Ever tried to sum up all numbers from 1 to 2,000,000 in your favorite programming language? The result is easy to calculate manually: 2,000,001,000,000, which some 900 times larger than the maximum value of an unsigned 32bit integer.
C# prints out -1453759936
– a negative value! And I guess Java does the same.
That means there are some common programming languages which ignore Arithmetic Overflow by default (in C#, there are hidden options for changing that). That's a behavior which looks very risky to me, and wasn't the crash of Ariane 5 caused by such an overflow?
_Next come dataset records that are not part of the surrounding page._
(* Let $(A,C,\mathbb B)$ be a local contact algebra and $\mathfrak u$ a bounded ultrafilter in $A$ (i.e. $\mathfrak u\cap\mathbb B\ne\emptyset$). Then $\{a\in A\mid \forall b\in\mathfrak u: a\,C\,b\}=\{a\in A\mid\forall b\in\mathfrak u: a\,C_{\mathrm{Al}}\,b\}$; that is, $\mathfrak c_{\mathfrak u}=\{a\in A\mid\forall b\in\mathfrak u:\ a\,C\,b\}$.
   Context: A local contact algebra $(A,C,\mathbb B)$ is a Boolean algebra with a contact relation $C$ ($a\,C\,a$ for $a>0$; $a\,C\,b\Rightarrow a,b>0$; symmetric; $a\,C\,(b\vee c)$ iff $a\,C\,b$ or $a\,C\,c$; $a\ll b$ iff not $a\,C\,b^*$) and an ideal $\mathbb B$ of bounded elements with (BC1) $a\ll c$, $a\in\mathbb B\Rightarrow a\ll b\ll c$ for some $b\in\mathbb B$; (BC2) $a\,C\,b\Rightarrow a\,C\,(c\wedge b)$ for some $c\in\mathbb B$; (BC3) each $a\neq0$ has $0\ne b\in\mathbb B$ with $b\ll a$. The Alexandroff extension is $a\,C_{\mathrm{Al}}\,b$ iff ($a\,C\,b$ or $a,b\in A\setminus\mathbb B$); $(A,C_{\mathrm{Al}})$ is a normal contact algebra, and $\mathfrak c_{\mathfrak u}=\{a\in A\mid\forall b\in\mathfrak u: a\,C_{\mathrm{Al}}\,b\}$ is the cluster in $(A,C_{\mathrm{Al}})$ generated by $\mathfrak u$. *)

theory Defs
  imports Main
begin

definition contact_rel :: "('a::boolean_algebra \<Rightarrow> 'a \<Rightarrow> bool) \<Rightarrow> bool" where
  "contact_rel C \<longleftrightarrow>
     (\<forall>a. a \<noteq> bot \<longrightarrow> C a a) \<and>
     (\<forall>a b. C a b \<longrightarrow> a \<noteq> bot \<and> b \<noteq> bot) \<and>
     (\<forall>a b. C a b \<longrightarrow> C b a) \<and>
     (\<forall>a b c. C a (sup b c) \<longleftrightarrow> C a b \<or> C a c)"

definition ll :: "('a::boolean_algebra \<Rightarrow> 'a \<Rightarrow> bool) \<Rightarrow> 'a \<Rightarrow> 'a \<Rightarrow> bool" where
  "ll C a b \<longleftrightarrow> \<not> C a (- b)"

definition is_ideal :: "'a::boolean_algebra set \<Rightarrow> bool" where
  "is_ideal I \<longleftrightarrow> bot \<in> I \<and> (\<forall>a b. a \<in> I \<longrightarrow> b \<le> a \<longrightarrow> b \<in> I) \<and>
     (\<forall>a b. a \<in> I \<longrightarrow> b \<in> I \<longrightarrow> sup a b \<in> I)"

definition local_contact_algebra ::
  "('a::boolean_algebra \<Rightarrow> 'a \<Rightarrow> bool) \<Rightarrow> 'a set \<Rightarrow> bool" where
  "local_contact_algebra C B \<longleftrightarrow>
     contact_rel C \<and> is_ideal B \<and>
     (\<forall>a c. a \<in> B \<longrightarrow> ll C a c \<longrightarrow> (\<exists>b\<in>B. ll C a b \<and> ll C b c)) \<and>
     (\<forall>a b. C a b \<longrightarrow> (\<exists>c\<in>B. C a (inf c b))) \<and>
     (\<forall>a. a \<noteq> bot \<longrightarrow> (\<exists>b\<in>B. b \<noteq> bot \<and> ll C b a))"

definition is_filter :: "'a::boolean_algebra set \<Rightarrow> bool" where
  "is_filter F \<longleftrightarrow> top \<in> F \<and> (\<forall>a b. a \<in> F \<longrightarrow> a \<le> b \<longrightarrow> b \<in> F) \<and>
     (\<forall>a b. a \<in> F \<longrightarrow> b \<in> F \<longrightarrow> inf a b \<in> F)"

definition is_ultrafilter :: "'a::boolean_algebra set \<Rightarrow> bool" where
  "is_ultrafilter U \<longleftrightarrow> is_filter U \<and> bot \<notin> U \<and>
     (\<forall>F. is_filter F \<longrightarrow> bot \<notin> F \<longrightarrow> U \<subseteq> F \<longrightarrow> F = U)"

definition C_Al :: "('a::boolean_algebra \<Rightarrow> 'a \<Rightarrow> bool) \<Rightarrow> 'a set \<Rightarrow> 'a \<Rightarrow> 'a \<Rightarrow> bool" where
  "C_Al C B a b \<longleftrightarrow> C a b \<or> (a \<notin> B \<and> b \<notin> B)"

end

theory Submission
  imports Defs
begin

text \<open>If \<open>b\<^sub>0\<close> is a bounded member of the filter, then for every member \<open>b\<close> the meet
  \<open>b \<sqinter> b\<^sub>0\<close> is a bounded member as well, so the Alexandroff contact with it is the original
  contact; monotonicity of contact lifts this from \<open>b \<sqinter> b\<^sub>0\<close> to \<open>b\<close>.\<close>

lemma contact_mono_right:
  assumes "contact_rel C" and "C a b" and "b \<le> c"
  shows "C a c"
proof -
  have "c = sup b c" using \<open>b \<le> c\<close> by (simp add: sup_absorb2)
  then show ?thesis using assms(1,2) unfolding contact_rel_def by metis
qed

lemma C_Al_bounded_iff:
  assumes "b \<in> B"
  shows "C_Al C B a b \<longleftrightarrow> C a b"
  using assms unfolding C_Al_def by blast

lemma contact_cluster_eq_C_Al_cluster:
  assumes contact: "contact_rel C" and ideal: "is_ideal B" and filter: "is_filter F"
    and bounded: "b\<^sub>0 \<in> F" "b\<^sub>0 \<in> B"
  shows "{a. \<forall>b\<in>F. C a b} = {a. \<forall>b\<in>F. C_Al C B a b}"
proof -
  have "C a b" if Al: "\<forall>b\<in>F. C_Al C B a b" and "b \<in> F" for a b
  proof -
    have "inf b b\<^sub>0 \<in> F" using filter \<open>b \<in> F\<close> bounded(1) unfolding is_filter_def by blast
    moreover have "inf b b\<^sub>0 \<in> B" using ideal bounded(2) unfolding is_ideal_def by (meson inf_le2)
    ultimately have "C a (inf b b\<^sub>0)" using Al C_Al_bounded_iff by blast
    then show "C a b" using contact contact_mono_right inf_le1 by blast
  qed
  then show ?thesis unfolding C_Al_def by auto
qed

theorem lemma4p3:
  fixes C :: "'a::boolean_algebra \<Rightarrow> 'a \<Rightarrow> bool" and B :: "'a set" and U :: "'a set"
  assumes "local_contact_algebra C B"
    and "is_ultrafilter U"
    and "U \<inter> B \<noteq> {}"
  shows "{a. \<forall>b\<in>U. C a b} = {a. \<forall>b\<in>U. C_Al C B a b}"
proof -
  have "contact_rel C" and "is_ideal B"
    using assms(1) unfolding local_contact_algebra_def by auto
  moreover have "is_filter U" using assms(2) unfolding is_ultrafilter_def by auto
  moreover obtain b\<^sub>0 where "b\<^sub>0 \<in> U" "b\<^sub>0 \<in> B" using assms(3) by auto
  ultimately show ?thesis by (rule contact_cluster_eq_C_Al_cluster)
qed

end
So: what are the design decisions behind such a dangerous behavior?
Edit:
The first answers to this question express the excessive costs of checking. Let's execute a short C# program to test this assumption:
Stopwatch watch = Stopwatch.StartNew();
checked
{
for (int i = 0; i < 200000; i++)
{
int sum = 0;
for (int j = 1; j < 50000; j++)
{
sum += j;
}
}
}
watch.Stop();
Console.WriteLine(watch.Elapsed.TotalMilliseconds);
On my machine, the checked version takes 11015ms, while the unchecked version takes 4125ms. I.e. the checking steps take almost twice as long as adding the numbers (in total 3 times the original time). But with the 10,000,000,000 repetitions, the time taken by a check is still less than 1 nanosecond. There may be situation where that is important, but for most applications, that won't matter.
Edit 2:
I recompiled our server application (a Windows service analyzing data received from several sensors, quite some number crunching involved) with the /p:CheckForOverflowUnderflow="false"
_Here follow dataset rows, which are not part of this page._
lemma pmf_count_pmf_0_ge:
  assumes "real M * grover_angle f N \<le> 2"
  shows "1 - (real M * grover_angle f N)\<^sup>2 / 3 \<le> pmf (count_pmf f N M) 0"
proof (cases "grover_angle f N = 0")
  case True
  then show ?thesis using M by (simp add: pmf_count_pmf_0)
next
  case False
  define \<theta> where "\<theta> = grover_angle f N"
  define x where "x = real M * \<theta>"
  have \<theta>: "0 < \<theta>" "\<theta> \<le> pi / 2"
    using False grover_angle_nonneg[OF N, of f] grover_angle_le[OF N, of f] by (simp_all add: \<theta>_def)
  then have s0: "0 < sin \<theta>" by (intro sin_gt_zero) auto
  have sle: "sin \<theta> \<le> \<theta>" using \<theta> by (intro sin_x_le_x) simp
  have x: "0 \<le> x" "x\<^sup>2 \<le> 4"
    using \<theta> assms power_mono[of x 2 2] by (simp_all add: x_def \<theta>_def)
  have D: "cmod (dirichlet_sum M (2 * \<theta>)) = \<bar>sin x\<bar> / sin \<theta>"
    using norm_dirichlet_sum_mult_sin[of M "2 * \<theta>"] s0 by (simp add: x_def field_simps)
  have "0 \<le> x - x ^ 3 / 6"
    using x by (simp add: power2_eq_square power3_eq_cube field_simps mult_left_mono)
  moreover have "x - x ^ 3 / 6 \<le> \<bar>sin x\<bar>" using sin_ge_cubic[OF x(1)] by linarith
  ultimately have "(x - x ^ 3 / 6) / \<theta> \<le> \<bar>sin x\<bar> / sin \<theta>"
    using s0 sle by (intro frac_le) auto
  also have "(x - x ^ 3 / 6) / \<theta> = real M * (1 - x\<^sup>2 / 6)"
    using \<theta> by (simp add: x_def field_simps power2_eq_square power3_eq_cube)
  finally have "(real M * (1 - x\<^sup>2 / 6))\<^sup>2 \<le> (cmod (dirichlet_sum M (2 * \<theta>)))\<^sup>2"
    unfolding D using x M by (intro power_mono) auto
  then have "(1 - x\<^sup>2 / 6)\<^sup>2 \<le> pmf (count_pmf f N M) 0"
    using M by (simp add: pmf_count_pmf_0 \<theta>_def power_mult_distrib pos_le_divide_eq mult.commute)
  moreover have "1 - x\<^sup>2 / 3 \<le> (1 - x\<^sup>2 / 6)\<^sup>2"
  proof -
    have "(1 - x\<^sup>2 / 6)\<^sup>2 = 1 - x\<^sup>2 / 3 + (x\<^sup>2)\<^sup>2 / 36" by (simp add: power2_eq_square field_simps)
    then show ?thesis by simp
  qed
  ultimately show ?thesis by (simp add: x_def \<theta>_def)
qed

lemma pmf_count_pmf_0_le:
  assumes "0 < num_sol f N"
  shows "pmf (count_pmf f N M) 0 \<le> 1 / ((real M)\<^sup>2 * (sin (grover_angle f N))\<^sup>2)"
proof -
  have s0: "0 < sin (grover_angle f N)" using sin_grover_angle_pos_iff[OF N] assms by simp
  have "cmod (dirichlet_sum M (2 * grover_angle f N)) * sin (grover_angle f N) \<le> 1"
    using norm_dirichlet_sum_mult_sin[of M "2 * grover_angle f N"] s0 by simp
  then have "cmod (dirichlet_sum M (2 * grover_angle f N)) \<le> 1 / sin (grover_angle f N)"
    using s0 by (simp add: field_simps)
  then have "(cmod (dirichlet_sum M (2 * grover_angle f N)))\<^sup>2 \<le> (1 / sin (grover_angle f N))\<^sup>2"
    by (intro power_mono) auto
  then show ?thesis using M
    by (simp add: pmf_count_pmf_0 field_simps power2_eq_square divide_right_mono)
qed

text \<open>Of the two Dirichlet terms in \<open>count_prob_eq\<close>, the first concentrates near \<open>y = M \<theta> / \<pi>\<close>
  and the second near its mirror image \<open>M - y\<close>.\<close>
lemma prob_count_pmf_nearest_ge:
  assumes y: "y = nat \<lfloor>real M * grover_angle f N / pi\<rfloor>" and "1 \<le> y" "y + 1 < M"
    and S: "{y, y + 1, M - y, M - (y + 1)} \<subseteq> S"
  shows "7/10 \<le> measure_pmf.prob (count_pmf f N M) S"
proof -
  define T where "T z = (cmod (dirichlet_sum M (2 * grover_angle f N - 2 * pi * real z / real M)))\<^sup>2" for z
  define T' where "T' z = (cmod (dirichlet_sum M (- 2 * grover_angle f N - 2 * pi * real z / real M)))\<^sup>2" for z
  define Y where "Y = {y, y + 1, M - y, M - (y + 1)}"
  have Y: "finite Y" "\<forall>z\<in>Y. z < M" using assms by (auto simp: Y_def)
  have T'_reflect: "T' (M - z) = T z" if "z \<le> M" for z
    using norm_dirichlet_sum_reflect[OF M that, of "2 * grover_angle f N"] by (simp add: T_def T'_def)
  have nonneg: "0 \<le> T z" "0 \<le> T' z" for z by (simp_all add: T_def T'_def)
  have "T y + T (y + 1) = (\<Sum>z\<in>{y, y + 1}. T z)" by simp
  also have "\<dots> \<le> (\<Sum>z\<in>Y. T z)" using Y(1) nonneg by (intro sum_mono2) (auto simp: Y_def)
  finally have "T y + T (y + 1) \<le> (\<Sum>z\<in>Y. T z)" .
  moreover have "T y + T (y + 1) \<le> (\<Sum>z\<in>Y. T' z)"
  proof -
    have "T y + T (y + 1) = (\<Sum>z\<in>{M - y, M - (y + 1)}. T' z)"
      using assms by (simp add: T'_reflect)
    also have "\<dots> \<le> (\<Sum>z\<in>Y. T' z)" using Y(1) nonneg by (intro sum_mono2) (auto simp: Y_def)
    finally show ?thesis .
  qed
  moreover have "7/10 * (real M)\<^sup>2 \<le> T y + T (y + 1)"
  proof -
    define d where "d = real M * grover_angle f N / pi - real y"
    have "0 \<le> real M * grover_angle f N / pi" using grover_angle_nonneg[OF N] by simp
    then have "0 \<le> d" "d < 1" unfolding d_def y by linarith+
    moreover have "2 * grover_angle f N - 2 * pi * real y / real M = 2 * pi * d / real M"
      "2 * grover_angle f N - 2 * pi * real (y + 1) / real M = - (2 * pi * (1 - d) / real M)"
      using M by (simp_all add: d_def field_simps)
    ultimately show ?thesis using norm_dirichlet_sum_pair_ge[OF M] by (simp add: T_def)
  qed
  ultimately have "7/10 \<le> ((\<Sum>z\<in>Y. T z) + (\<Sum>z\<in>Y. T' z)) / (2 * (real M)\<^sup>2)"
    using M by (simp add: field_simps)
  also have "\<dots> = measure_pmf.prob (count_pmf f N M) Y"
    unfolding measure_measure_pmf_finite[OF Y(1)] sum_divide_distrib sum.distrib[symmetric]
    using Y(2) by (intro sum.cong refl) (simp add: pmf_count_pmf count_prob_eq[OF N M] T_def T'_def)
  also have "\<dots> \<le> measure_pmf.prob (count_pmf f N M) S"
    using S by (intro measure_pmf.finite_measure_mono) (auto simp: Y_def)
  finally show ?thesis .
qed

lemma set_pmf_count_pmf_no_solution:
  assumes "num_sol f N = 0"
  shows "set_pmf (count_pmf f N M) = {0}"
proof -
  have \<theta>: "grover_angle f N = 0" using grover_angle_eq_0_iff[OF N] assms by simp
  have "pmf (count_pmf f N M) y = 0" if "y \<noteq> 0" for y
  proof (cases "y < M")
    case True
    have "dirichlet_sum M (2 * pi * real_of_int (- int y) / real M) = 0"
      using True that M by (intro dirichlet_sum_root_of_unity) auto
    then have "dirichlet_sum M (- 2 * pi * real y / real M) = 0" by simp
    then show ?thesis by (simp add: pmf_count_pmf count_prob_eq[OF N M True] \<theta>)
  qed (simp add: pmf_count_pmf count_prob_def)
  then have "set_pmf (count_pmf f N M) \<subseteq> {0}" by (auto simp: set_pmf_eq)
  then show ?thesis using set_pmf_not_empty[of "count_pmf f N M"] by blast
qed

end

section \<open>The doubling loop\<close>

declare ac_loop.simps [simp del]

lemma set_pmf_ac_loop: "set_pmf (ac_loop f N l) \<subseteq> {l..max l N}"
proof (induction f N l rule: ac_loop.induct)
  case (1 f N l)
  let ?continue = "\<lambda>y. count_est N (2 ^ l) y = 0 \<and> (2::real) ^ l < 2 * sqrt (real N)"
  show ?case
  proof
    fix L assume "L \<in> set_pmf (ac_loop f N l)"
    then obtain y where y: "y \<in> set_pmf (count_pmf f N (2 ^ l))"
      and L: "L \<in> set_pmf (if ?continue y then ac_loop f N (Suc l) else return_pmf l)"
      by (subst (asm) ac_loop.simps) auto
    show "L \<in> {l..max l N}"
    proof (cases "?continue y")
      case True
      then have "l < N" using ac_loop_termination_aux by blast
      with 1[OF y True] L True show ?thesis by auto
    next
      case False
      then have "L = l" using L by (subst (asm) if_not_P) auto
      then show ?thesis by simp
    qed
  qed
qed

lemma finite_set_pmf_ac_loop: "finite (set_pmf (ac_loop f N l))"
  using set_pmf_ac_loop by (rule finite_subset) simp

lemma expectation_ac_loop:
  fixes h :: "nat \<Rightarrow> real"
  assumes N: "0 < N"
  shows "measure_pmf.expectation (ac_loop f N l) h =
    (if (2::real) ^ l < 2 * sqrt (real N)
     then pmf (count_pmf f N (2 ^ l)) 0 * measure_pmf.expectation (ac_loop f N (Suc l)) h
          + (1 - pmf (count_pmf f N (2 ^ l)) 0) * h l
     else h l)"
proof -
  define M :: nat where "M = 2 ^ l"
  have M: "0 < M" by (simp add: M_def)
  define p where "p = pmf (count_pmf f N M)"
  define E where "E = (if (2::real) ^ l < 2 * sqrt (real N)
    then measure_pmf.expectation (ac_loop f N (Suc l)) h else h l)"
  have "measure_pmf.expectation (ac_loop f N l) h =
     (\<Sum>y<M. p y *\<^sub>R measure_pmf.expectation
        (if count_est N M y = 0 \<and> (2::real) ^ l < 2 * sqrt (real N) then ac_loop f N (Suc l) else return_pmf l) h)"
    unfolding ac_loop.simps[of f N l] M_def[symmetric] p_def
    by (rule pmf_expectation_bind) (auto simp: finite_set_pmf_ac_loop set_pmf_count_pmf[OF N M])
  also have "\<dots> = (\<Sum>y<M. p y * h l + (if y = 0 then p 0 * (E - h l) else 0))"
    by (intro sum.cong refl) (auto simp: count_est_eq_0_iff[OF N M] E_def algebra_simps)
  also have "\<dots> = h l + p 0 * (E - h l)"
    using M by (simp add: sum.distrib p_def pmf_count_pmf[OF N M] count_prob_sum[OF N M]
        flip: sum_distrib_right)
  finally show ?thesis
    by (cases "(2::real) ^ l < 2 * sqrt (real N)") (simp_all add: E_def p_def M_def algebra_simps)
qed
parameter (normally, I switch the overflow check on) and deployed it on a device. Nagios monitoring shows that the average CPU load stayed at 17%.
This means that the performance hit found in the made-up example above is totally irrelevant for our application.
Best Answer
There are 3 reasons for this:
The cost of checking for overflows (for every single arithmetic operation) at run-time is excessive.
The complexity of proving that an overflow check can be omitted at compile-time is excessive.
In some cases (e.g. CRC calculations, big number libraries, etc) "wrap on overflow" is more convenient for programmers.